lemma ex_Sym_image_subset_initial_segment:
  assumes "finite A" "0 \<notin> A" "card A \<le> n"
  shows "\<exists>\<sigma>\<in>Sym. \<sigma> ` A \<subseteq> {1..n}"
  using assms
proof (induction A rule: finite_induct)
  case empty
  show ?case using id_in_Sym by blast
next
  case (insert a A)
  then obtain \<sigma> where \<sigma>: "\<sigma> \<in> Sym" "\<sigma> ` A \<subseteq> {1..n}"
    by auto
  have inj: "inj \<sigma>"
    using Sym_bij[OF \<sigma>(1)] bij_is_inj by blast
  have "card (\<sigma> ` A) < card {1..n}"
    using insert.hyps insert.prems card_image[OF inj_on_subset[OF inj]] by simp
  then have "\<not> {1..n} \<subseteq> \<sigma> ` A"
    using card_mono[OF finite_imageI[OF insert.hyps(1)]] by (meson not_le)
  then obtain j where j: "j \<in> {1..n}" "j \<notin> \<sigma> ` A"
    by blast
  have "\<sigma> a \<notin> \<sigma> ` A"
    using insert.hyps(2) inj by (auto dest: injD)
  moreover have "\<sigma> a \<noteq> 0"
    using insert.prems(1) injD[OF inj, of a 0] \<sigma>(1) by (auto simp: Sym_def)
  ultimately have "transpose (\<sigma> a) j \<circ> \<sigma> \<in> Sym" "(transpose (\<sigma> a) j \<circ> \<sigma>) ` insert a A \<subseteq> {1..n}"
    using \<sigma> j by (auto intro!: Sym_comp transpose_in_Sym simp: transpose_def)
  then show ?case
    by blast
qed

lemma act_inv_act: "\<sigma> \<in> Sym \<Longrightarrow> act (inv \<sigma>) (act \<sigma> v) = v"
  by (simp add: act_def Sym_bij inv_inv_eq bij_is_inj)

lemma act_act_inv: "\<sigma> \<in> Sym \<Longrightarrow> act \<sigma> (act (inv \<sigma>) v) = v"
  by (simp add: act_def Sym_bij inv_inv_eq bij_is_surj surj_f_inv_f)

lemma act_transpose: "act (transpose i j) v = v \<circ> transpose i j"
  by (simp add: act_def fun_eq_iff)

lemma act_zero [simp]: "act \<sigma> 0 = 0"
  by (simp add: act_def fun_eq_iff)

lemma act_mono: "w \<le> v \<Longrightarrow> act \<sigma> w \<le> act \<sigma> v"
  by (simp add: act_def le_fun_def)

section \<open>Finitely supported vectors\<close>

abbreviation supp :: "(nat \<Rightarrow> int) \<Rightarrow> nat set" where
  "supp v \<equiv> {i. v i \<noteq> 0}"

lemma supp_act: assumes "bij \<sigma>" shows "supp (act \<sigma> v) = \<sigma> ` supp v"
proof -
  have "supp (act \<sigma> v) = inv \<sigma> -` supp v"
    by (auto simp: act_def)
  also have "\<dots> = \<sigma> ` supp v"
    by (simp only: bij_vimage_eq_inv_image[OF bij_imp_bij_inv[OF assms]] inv_inv_eq[OF assms])
  finally show ?thesis .
qed

lemma ZN_diff: assumes "u \<in> ZN" "v \<in> ZN" shows "u - v \<in> ZN"
proof -
  have "supp (u - v) \<subseteq> supp u \<union> supp v"
    by auto
  from finite_subset[OF this] assms show ?thesis
    by (simp add: ZN_def)
qed

lemma ZN_le: assumes "0 \<le> w" "w \<le> v" "v \<in> ZN" shows "w \<in> ZN"
proof -
  have "w i = 0" if "v i = 0" for i
    using assms that unfolding le_fun_def by (metis zero_fun_apply order_antisym)
  then have "w 0 = 0" "supp w \<subseteq> supp v"
    using assms(3) by (auto simp: ZN_def)
  with assms(3) show ?thesis
    by (auto simp: ZN_def intro: finite_subset)
qed

lemma ZN_nonneg_iff: "v \<in> ZN_nonneg \<longleftrightarrow> v \<in> ZN \<and> 0 \<le> v"
  by (simp add: ZN_nonneg_def le_fun_def)

lemma act_ZN: assumes "\<sigma> \<in> Sym" "v \<in> ZN" shows "act \<sigma> v \<in> ZN"
proof -
  have "inv \<sigma> 0 = 0"
    using Sym_inv[OF assms(1)] by (simp add: Sym_def)
  then show ?thesis
    using assms by (simp add: ZN_def supp_act Sym_bij) (simp add: act_def)
qed

lemma sym_invariant_ZN_nonneg: "sym_invariant ZN_nonneg"
  using act_ZN by (auto simp: sym_invariant_def ZN_nonneg_def) (simp add: act_def)

lemma sym_invariant_Int: "sym_invariant A \<Longrightarrow> sym_invariant B \<Longrightarrow> sym_invariant (A \<inter> B)"
  by (simp add: sym_invariant_def)

lemma Sum_any_add:
  "finite (supp u) \<Longrightarrow> finite (supp v) \<Longrightarrow> Sum_any (u + v) = Sum_any u + Sum_any v"
  unfolding plus_fun_def by (rule Sum_any.distrib)

lemma Sum_any_diff_ZN:
  assumes "u \<in> ZN" "v \<in> ZN" shows "Sum_any (u - v) = Sum_any u - Sum_any v"
  using Sum_any_add[of "u - v" v] ZN_diff[OF assms] assms by (simp add: ZN_def)

lemma Sum_any_uminus: "Sum_any (- v) = - Sum_any (v :: nat \<Rightarrow> int)"
proof -
  have "{i. (- v) i \<noteq> 0} = supp v"
    by simp
  then show ?thesis
    by (simp only: Sum_any.expand_set) (simp add: sum_negf)
qed

lemma entry_le_Sum_any: assumes "0 \<le> v" "finite (supp v)" shows "v i \<le> Sum_any v"
proof -
  have "Sum_any v = sum v (insert i (supp v))"
    by (rule Sum_any.expand_superset) (use assms in auto)
  also have "v i \<le> \<dots>"
    using assms by (intro member_le_sum) (auto simp: le_fun_def)
  finally show ?thesis .
qed

lemma card_supp_le_Sum_any: assumes "0 \<le> v" shows "int (card (supp v)) \<le> Sum_any v"
proof -
  have "int (card (supp v)) = (\<Sum>i\<in>supp v. 1)"
    by simp
  also have "\<dots> \<le> (\<Sum>i\<in>supp v. v i)"
    using assms by (intro sum_mono) (auto simp: le_fun_def int_one_le_iff_zero_less order.strict_iff_order)
  finally show ?thesis
    by (simp add: Sum_any.expand_set)
qed

lemma Sum_any_pos: assumes "v \<in> ZN_nonneg" "v \<noteq> 0" shows "0 < Sum_any v"
proof -
  have "supp v \<noteq> {}" "finite (supp v)"
    using assms by (auto simp: ZN_nonneg_iff ZN_def fun_eq_iff)
  then have "0 < card (supp v)"
    by (simp add: card_gt_0_iff)
  with card_supp_le_Sum_any[of v] assms(1) show ?thesis
    by (simp add: ZN_nonneg_iff)
qed

lemma finite_ZN_nonneg_bounded_support:
  "finite {h \<in> ZN_nonneg. Sum_any h \<le> int s \<and> (\<forall>i>n. h i = 0)}"
proof (rule finite_subset)
  show "finite {f. \<forall>x. (x \<in> {..n} \<longrightarrow> f x \<in> {0..int s}) \<and> (x \<notin> {..n} \<longrightarrow> f x = 0)}"
    by (rule finite_set_of_finite_funs) simp_all
  show "{h \<in> ZN_nonneg. Sum_any h \<le> int s \<and> (\<forall>i>n. h i = 0)}
      \<subseteq> {f. \<forall>x. (x \<in> {..n} \<longrightarrow> f x \<in> {0..int s}) \<and> (x \<notin> {..n} \<longrightarrow> f x = 0)}"
  proof (intro subsetI CollectI allI conjI impI)
    fix h x assume "h \<in> {h \<in> ZN_nonneg. Sum_any h \<le> int s \<and> (\<forall>i>n. h i = 0)}"
    then have h: "0 \<le> h" "finite (supp h)" "Sum_any h \<le> int s" "\<forall>i>n. h i = 0"
      by (auto simp: ZN_nonneg_iff ZN_def)
    show "h x \<in> {0..int s}"
      using h entry_le_Sum_any[OF h(1,2), of x] by (auto simp: le_fun_def)
    show "x \<notin> {..n} \<Longrightarrow> h x = 0"
      using h(4) by simp
  qed
qed

section \<open>Atoms of a monoid of nonnegative vectors\<close>

definition add_submonoid :: "'a::monoid_add set \<Rightarrow> bool" where
  "add_submonoid M \<longleftrightarrow> 0 \<in> M \<and> (\<forall>u\<in>M. \<forall>v\<in>M. u + v \<in> M)"

lemma add_submonoid_sum:
  fixes M :: "'a::comm_monoid_add set"
  assumes "add_submonoid M" "\<And>x. x \<in> F \<Longrightarrow> f x \<in> M"
  shows "sum f F \<in> M"
  using assms(2)
  by (induction F rule: infinite_finite_induct) (use assms(1) in \<open>auto simp: add_submonoid_def\<close>)

lemma sum_fun_apply: "(\<Sum>x\<in>F. f x) i = (\<Sum>x\<in>F. f x i)"
  by (induction F rule: infinite_finite_induct) auto

lemma add_submonoid_nat_mult:
  assumes "add_submonoid M" "v \<in> M" shows "(\<lambda>i. int n * v i) \<in> M"
proof -
  have "(\<Sum>_\<in>{..<n}. v) \<in> M"
    using assms by (intro add_submonoid_sum) auto
  then show ?thesis
    by (simp add: sum_fun_apply[abs_def])
qed

lemma nn_span_zero: "0 \<in> nn_span B"
  unfolding nn_span_def by (auto simp: zero_fun_def intro!: exI[of _ "{}"])

lemma nn_span_base: "b \<in> B \<Longrightarrow> b \<in> nn_span B"
  unfolding nn_span_def by (auto intro!: exI[of _ "{b}"] exI[of _ "\<lambda>_. 1"])

lemma nn_span_add:
  assumes "x \<in> nn_span B" "y \<in> nn_span B" shows "x + y \<in> nn_span B"
proof -
  obtain F c where F: "finite F" "F \<subseteq> B" and x: "x = (\<lambda>i. \<Sum>b\<in>F. int (c b) * b i)"
    using assms(1) by (auto simp: nn_span_def)
  obtain G e where G: "finite G" "G \<subseteq> B" and y: "y = (\<lambda>i. \<Sum>b\<in>G. int (e b) * b i)"
    using assms(2) by (auto simp: nn_span_def)
  let ?ce = "\<lambda>b. (if b \<in> F then c b else 0) + (if b \<in> G then e b else 0)"
  have "(\<Sum>b\<in>F \<union> G. int (?ce b) * b i) = x i + y i" for i
  proof -
    have "(\<Sum>b\<in>F \<union> G. int (?ce b) * b i)
        = (\<Sum>b\<in>F \<union> G. if b \<in> F then int (c b) * b i else 0)
          + (\<Sum>b\<in>F \<union> G. if b \<in> G then int (e b) * b i else 0)"
      unfolding sum.distrib[symmetric] by (intro sum.cong) (auto simp: distrib_right)
    also have "\<dots> = x i + y i"
      using F G by (simp add: sum.inter_restrict[symmetric] Int_absorb1 x y)
    finally show ?thesis .
  qed
  then have "x + y = (\<lambda>i. \<Sum>b\<in>F \<union> G. int (?ce b) * b i)"
    by (simp add: fun_eq_iff)
  with F G show ?thesis
    unfolding nn_span_def by (intro CollectI exI[of _ "F \<union> G"] exI[of _ ?ce]) simp
qed

lemma nn_span_subset:
  assumes "add_submonoid M" "B \<subseteq> M" shows "nn_span B \<subseteq> M"
proof
  fix x assume "x \<in> nn_span B"
  then obtain F c where "F \<subseteq> B" and x: "x = (\<lambda>i. \<Sum>b\<in>F. int (c b) * b i)"
    by (auto simp: nn_span_def)
  have "(\<Sum>b\<in>F. (\<lambda>i. int (c b) * b i)) \<in> M"
    using \<open>F \<subseteq> B\<close> assms by (intro add_submonoid_sum add_submonoid_nat_mult) auto
  then show "x \<in> M"
    by (simp add: x sum_fun_apply[abs_def])
qed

#### Work instruction:
Check each line above for "symmetric" and return the ones that have it.

#### Solution for this task:
      unfolding sum.distrib[symmetric] by (intro sum.cong) (auto simp: distrib_right)
      using F G by (simp add: sum.inter_restrict[symmetric] Int_absorb1 x y)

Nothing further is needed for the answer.